There is provided condition.For the effective ways that potential safety hazard in guarding network is studied in this countries in the world with refusing surplus energy.
From the beginning of 1996, information security expert begins to that internet attack mode is concluded and summarized, it is intended to from
Higher level understands network attack.And be then by Department of Homeland Security of the U.S. (United what is among these, be widely recognized as
States Department of Homeland Security, DHS) support CAPEC (Common AttackPattern
Enumeration and Classification) project.In CAPEC, each attack mode is designated unique ID, and
There is provided following information:(platform for such as relying on and software version are attacked for attack mode description, attack step, precondition
It is front need meet technical conditions), postcondition (such as attack after obtain administrator right), attack instance, correlation CWE
(Common Weakness Enumeration) fragility and CVE (Common Vulnerabilities and
Exposures) leak etc..CAPEC not only elaborates the detail of network attack mode, also indicate it with CWE, CVE it
Between contact.CWE is the fragility set in a description software.For each fragility, it provides following information:It is crisp
The CVE leaks of weak property description, applicable platform, result, example and the correlation for causing.One CWE fragility correspond to many
Individual related CVE leaks.
Parallel leak (Parallel Vulnerabilities) according to the present invention, refers to attack basis with identical
Condition, the leak combination that identical attack purpose and effect can be reached but difference attack paths are utilized.In brief, parallel leak
Using the method for multipath come analytical attack possibly also with approach, so as to improve probability and the covering of successful defending against network attacks
Rate.
Have close ties with parallel leak is then attack graph:Attack graph is described from the visual angle of attacker or defender
How the purpose attacked or take precautions against is reached using leak present in system;System administration can they be by attacking graph evaluation
The security of system, and determine to take that what kind of remedial measure is taken precautions against.Parallel leak is just derived from same in attack graph
Branch parallel relation between starting point and end point, for finding that these have the leak of concurrency relation to combine, can find one
Make up other parallel leaks when leak is utilized rapidly, be easy in time to corresponding leak patch installing, and then make up whole network
Fragility, with higher cyber-defence using value.
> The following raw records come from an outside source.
lemma second_moment_from_gaussian_mgf:
  fixes f g :: "'a \<Rightarrow> real"
  assumes [measurable]: "f \<in> borel_measurable M" "g \<in> borel_measurable M"
    and g_nonneg: "\<And>x. 0 \<le> g x"
    and mgf_int: "\<And>\<tau>. integrable M (\<lambda>x. exp (\<tau> * f x) * g x)"
    and mgf: "\<And>\<tau>. (\<integral>x. exp (\<tau> * f x) * g x \<partial>M) = c * exp (\<tau>\<^sup>2 * \<sigma> / 2)"
  shows "integrable M (\<lambda>x. (f x)\<^sup>2 * g x)" and "(\<integral>x. (f x)\<^sup>2 * g x \<partial>M) = c * \<sigma>"
proof -
  have cosh_eq: "cosh (\<tau> * f x) * g x = (exp (\<tau> * f x) * g x + exp ((- \<tau>) * f x) * g x) / 2" for \<tau> x
    by (simp add: cosh_def field_simps)
  have cosh_int: "integrable M (\<lambda>x. cosh (\<tau> * f x) * g x)" for \<tau>
    unfolding cosh_eq using mgf_int[of \<tau>] mgf_int[of "- \<tau>"] by simp
  show sq_int: "integrable M (\<lambda>x. (f x)\<^sup>2 * g x)"
    by (rule cosh_moment_squeeze(1)[OF assms(1-3) cosh_int])
  define M2 where "M2 = (\<integral>x. (f x)\<^sup>2 * g x \<partial>M)"
  define K where "K = (\<integral>x. (cosh (f x) - 1 - (f x)\<^sup>2 / 2) * g x \<partial>M)"
  define m where "m \<tau> = (\<integral>x. (cosh (\<tau> * f x) - 1) * g x \<partial>M) / \<tau>\<^sup>2" for \<tau> :: real
  have m_eq: "m \<tau> = c * ((exp (\<tau>\<^sup>2 * \<sigma> / 2) - 1) / \<tau>\<^sup>2)" for \<tau>
  proof -
    have "(\<integral>x. cosh (\<tau> * f x) * g x \<partial>M) = c * exp (\<tau>\<^sup>2 * \<sigma> / 2)"
      unfolding cosh_eq using mgf_int[of \<tau>] mgf_int[of "- \<tau>"] mgf[of \<tau>] mgf[of "- \<tau>"] by simp
    moreover have "(\<integral>x. (cosh (\<tau> * f x) - 1) * g x \<partial>M)
        = (\<integral>x. cosh (\<tau> * f x) * g x \<partial>M) - (\<integral>x. g x \<partial>M)"
      using cosh_int[of \<tau>] mgf_int[of 0] by (simp add: left_diff_distrib)
    moreover have "(\<integral>x. g x \<partial>M) = c"
      using mgf[of 0] by simp
    ultimately show ?thesis
      by (simp add: m_def right_diff_distrib times_divide_eq_right)
  qed
  have m_lim: "(m \<longlongrightarrow> c * (\<sigma> / 2)) (at_right 0)"
    unfolding m_eq[abs_def] by (intro tendsto_mult_left) real_asymp
  have ev: "\<forall>\<^sub>F \<tau> in at_right 0. 0 < \<tau> \<and> \<tau> \<le> (1::real)"
    by (auto simp: eventually_at_right_field intro!: exI[of _ 1])
  have "M2 / 2 \<le> c * (\<sigma> / 2)"
    by (rule tendsto_le[OF _ m_lim tendsto_const])
      (use ev cosh_moment_squeeze(2)[OF assms(1-3) cosh_int] in \<open>auto simp: m_def M2_def elim: eventually_mono\<close>)
  moreover have "c * (\<sigma> / 2) \<le> M2 / 2"
  proof (rule tendsto_le[OF _ _ m_lim])
    show "((\<lambda>\<tau>. M2 / 2 + \<tau>\<^sup>2 * K) \<longlongrightarrow> M2 / 2) (at_right 0)"
      by (auto intro!: tendsto_eq_intros)
  qed (use ev cosh_moment_squeeze(3)[OF assms(1-3) cosh_int] in \<open>auto simp: m_def M2_def K_def elim: eventually_mono\<close>)
  ultimately show "(\<integral>x. (f x)\<^sup>2 * g x \<partial>M) = c * \<sigma>"
    by (simp add: M2_def)
qed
The content of the invention
It is an object of the present invention to be based on information bank of increasing income, extract and associate under same attack mode fragility CWE, then from
Fragility CWE is associated with leak CVE, then by text mining and natural language processing technique, excavates parallel leak, thus
With higher cyber-defence using value.
The technical scheme is that:
A kind of parallel bug excavation method based on increase income storehouse and text mining, step includes:
1. data acquisition and pretreatment:
A) original aggressor pattern information, vulnerability information and vulnerability information are obtained from storehouse of increasing income
B) the storehouse information data of increasing income to obtaining carries out data scrubbing, including Uniform data format, data purification, filling lack
Lose attribute and remove noise data
C) data after cleaning are set up with data acquisition system, and forms the mapping for being identified to non-structured text information, formed
Three set Pattern { p1,p2,…,pn, Weak { w1,w2,…,wm, Vulnerability { v1,v2,…,vs}.Wherein pi
Represent an attack mode, wiRepresent a fragility, viRepresent a leak.
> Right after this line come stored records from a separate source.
lemma incr_bounded: "AE \<omega> in M. \<forall>n. \<bar>incr n \<omega>\<bar> \<le> incr_bound"
  using AE_unit_steps
proof eventually_elim
  case (elim \<omega>)
  show ?case
  proof
    fix n
    have "\<bar>incr n \<omega>\<bar> \<le> \<bar>real_of_int (S (Suc n) \<omega> - S n \<omega>)\<bar> +
        \<bar>h (nat (S (Suc n) \<omega> mod int m))\<bar> + \<bar>h (nat (S n \<omega> mod int m))\<bar> + \<bar>c\<bar>"
      unfolding incr_def phi_def by linarith
    moreover have "\<bar>real_of_int (S (Suc n) \<omega> - S n \<omega>)\<bar> = 1"
      using elim[THEN spec, of n] by (auto simp del: of_int_diff)
    ultimately show "\<bar>incr n \<omega>\<bar> \<le> incr_bound"
      using abs_h_residue_le[of "S (Suc n) \<omega>"] abs_h_residue_le[of "S n \<omega>"]
      unfolding incr_bound_def by linarith
  qed
qed

lemma incr_eq_sum_indicator:
  assumes \<omega>: "\<omega> \<in> space M" and unit: "S (Suc n) \<omega> - S n \<omega> \<in> {-1, 1}"
  shows "incr n \<omega> = (\<Sum>r<m. indicator (residue_event n r \<inter> step_event n 1) \<omega> * incr_up r +
    indicator (residue_event n r \<inter> step_event n (- 1)) \<omega> * incr_down r)"
proof -
  define r0 where "r0 = nat (S n \<omega> mod int m)"
  have r0: "r0 < m" unfolding r0_def using m_pos by (simp add: nat_less_iff)
  have "(\<Sum>r<m. indicator (residue_event n r \<inter> step_event n 1) \<omega> * incr_up r +
      indicator (residue_event n r \<inter> step_event n (- 1)) \<omega> * incr_down r) =
      (\<Sum>r<m. if r = r0 then indicator (step_event n 1) \<omega> * incr_up r +
        indicator (step_event n (- 1)) \<omega> * incr_down r else 0)"
    using \<omega> by (intro sum.cong refl) (auto simp: residue_event_def r0_def indicator_def)
  also have "\<dots> = indicator (step_event n 1) \<omega> * incr_up r0 + indicator (step_event n (- 1)) \<omega> * incr_down r0"
    using r0 by simp
  also have "\<dots> = incr n \<omega>"
    using unit m_pos \<omega>
    by (auto simp: step_event_def indicator_def incr_def phi_def incr_up_def incr_down_def r0_def
        nat_mod_add_1 nat_mod_diff_1)
  finally show ?thesis by simp
qed

lemma set_integral_incr_eq_sum:
  assumes A: "A \<in> sets M"
  shows "(\<integral>\<omega>\<in>A. incr n \<omega> \<partial>M) =
    (\<Sum>r<m. measure M (A \<inter> residue_event n r \<inter> step_event n 1) * incr_up r +
      measure M (A \<inter> residue_event n r \<inter> step_event n (- 1)) * incr_down r)"
    (is "_ = (\<Sum>r<m. measure M (?E r 1) * _ + measure M (?E r (- 1)) * _)")
proof -
  define E where "E = ?E"
  have sets_E: "E r \<sigma> \<in> sets M" for r \<sigma> using A unfolding E_def by simp
  have integrable_E: "integrable M (\<lambda>\<omega>. indicator (E r \<sigma>) \<omega> * k)" for r \<sigma> and k :: real
    using sets_E by (intro integrable_mult_left integrable_real_indicator) (auto simp: emeasure_eq_measure)
  have "(\<integral>\<omega>\<in>A. incr n \<omega> \<partial>M) =
      (\<integral>\<omega>. (\<Sum>r<m. indicator (E r 1) \<omega> * incr_up r + indicator (E r (- 1)) \<omega> * incr_down r) \<partial>M)"
    unfolding set_lebesgue_integral_def
  proof (rule integral_cong_AE)
    show "AE \<omega> in M. indicator A \<omega> *\<^sub>R incr n \<omega> =
        (\<Sum>r<m. indicator (E r 1) \<omega> * incr_up r + indicator (E r (- 1)) \<omega> * incr_down r)"
      using AE_unit_steps AE_space
      by eventually_elim
        (simp add: E_def incr_eq_sum_indicator sum_distrib_left indicator_inter_arith algebra_simps)
  qed (use A sets_E in measurable)
  also have "\<dots> = (\<Sum>r<m. (\<integral>\<omega>. indicator (E r 1) \<omega> * incr_up r \<partial>M) +
      (\<integral>\<omega>. indicator (E r (- 1)) \<omega> * incr_down r \<partial>M))"
    using integrable_E by (simp add: Bochner_Integration.integral_sum Bochner_Integration.integral_add)
  also have "\<dots> = (\<Sum>r<m. measure M (E r 1) * incr_up r + measure M (E r (- 1)) * incr_down r)"
    using sets.Int_space_eq2[OF sets_E] by simp
  finally show ?thesis unfolding E_def .
qed

lemma set_integral_incr:
  assumes A: "A \<in> sets (history_algebra n)"
  shows "(\<integral>\<omega>\<in>A. incr n \<omega> \<partial>M) = 0"
proof -
  have "A \<in> sets M" using subalgebra_history_algebra A unfolding subalgebra_def by auto
  then have "(\<integral>\<omega>\<in>A. incr n \<omega> \<partial>M) =
      (\<Sum>r<m. measure M (A \<inter> residue_event n r \<inter> step_event n 1) * incr_up r +
        measure M (A \<inter> residue_event n r \<inter> step_event n (- 1)) * incr_down r)"
    by (rule set_integral_incr_eq_sum)
  also have "\<dots> =
      (\<Sum>r<m. measure M (A \<inter> residue_event n r) * (p r * incr_up r + (1 - p r) * incr_down r))"
    by (intro sum.cong refl) (simp add: measure_step_up[OF A] measure_step_down[OF A] algebra_simps)
  also have "\<dots> = 0" by (simp add: mean_incr_eq_0)
  finally show ?thesis .
qed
2. mapping relations and leak set are extracted
Parse attack mode piTo fragility wiMapping relations (one-to-many), fragility wiTo leak viMapping close
System's (one-to-many), then forms attack mode piTo leak viMapping relations, so as to huge vulnerability database be attacked according to some
Blow mode is concluded to different leak set.
3. the text description information of pair leak carries out mathematical modeling
A) the text description information of leak is extracted, participle is carried out, stem is extracted, text is carried out to description according to feature dictionary
Vectorization, is represented by Di=(w1,i,w2,i,w3,i,…,wn,i), wherein wn,iRepresent entry n in document DiIn quantitative index table
Show.
B) TF/IDF (word frequency/frequency of the falling document) value of document word is calculated according to the description information of text vector, and then
Document is represented by di=(w1,i,w2,i,w3,i,…,wn,i), wherein wn,iRepresent entry n in document diIn TF/IDF weighting
Value.
4. the leak of the leak set extracted in pair step 2, the precondition, postcondition and threshold according to attack mode
Value is screened, and obtains the set of parallel leak combination
Parrallel{(vi,vj)|i≠j,vi∈vulnerability}
A) according to the parallel leak training set of artificial mark, the threshold value of the cosine similar value of the parallel leak of calculating (be shown in by method
Step 4-a) and CVSS assessment fraction Euclidean distance threshold value
B) in the leak set that obtains in step 2, according to the leak vector information got in step 3, corresponding to
The precondition and postcondition of attack mode calculates respectively the cosine similar value (method is shown in step 4-a) of two leaks
C) according to the cosine similar value and the Euclidean distance for assessing fraction of CVSS of two leaks, by two each
Leak from threshold range is determined as parallel leak.
Step 3-a) described in segmenting method, its step is to be separated text flow by space, obtains word sequence.Go
Except the character of particular meaning, replace //, ,/, for/, remove word tail number.
Step 3-b) described in extract stem method, text is processed using Krovetz Stemmer.
Step 3-b) described in calculate text TF/IDF values method,
TF (t, d)=0.5+ (0.5*f (t, d))/(max { f (w, d):w∈d})
IDF (t, D)=log (| D |)/(| { d ∈ D:t∈d}|)
Wherein f (t, d) is word frequency of the word t in document d, and f (w, d) is word frequency of the word w in document d, and w belongs to text
Shelves d, it can represent any one word therein;| D | is all number of files for including in corpus D, | { d ∈ D:t∈d}|
For the number of files comprising word t in corpus D.
Step 4-a) described in calculate cosine similarity method,
Wherein vjRepresent the description text of leak j, vkRepresent the description text of leak k.wi,jRepresent entry i in document djIn
TF/IDF weighted values, wi,kRepresent entry i in document dkIn TF/IDF weighted values.
vjRepresent the description text of leak j, vkRepresent the description text of leak k;wi,jRepresent entry i in document djIn
TF/IDF weighted values, wi,kRepresent entry i in document dkIn TF/IDF weighted values.
Advantages of the present invention mainly has:
1. the word description field value of existing leak record data is unstructured text data, and different leak
Description source causes its descriptor format different with word, and computer cannot be automatically performed the automatic understanding to word description field.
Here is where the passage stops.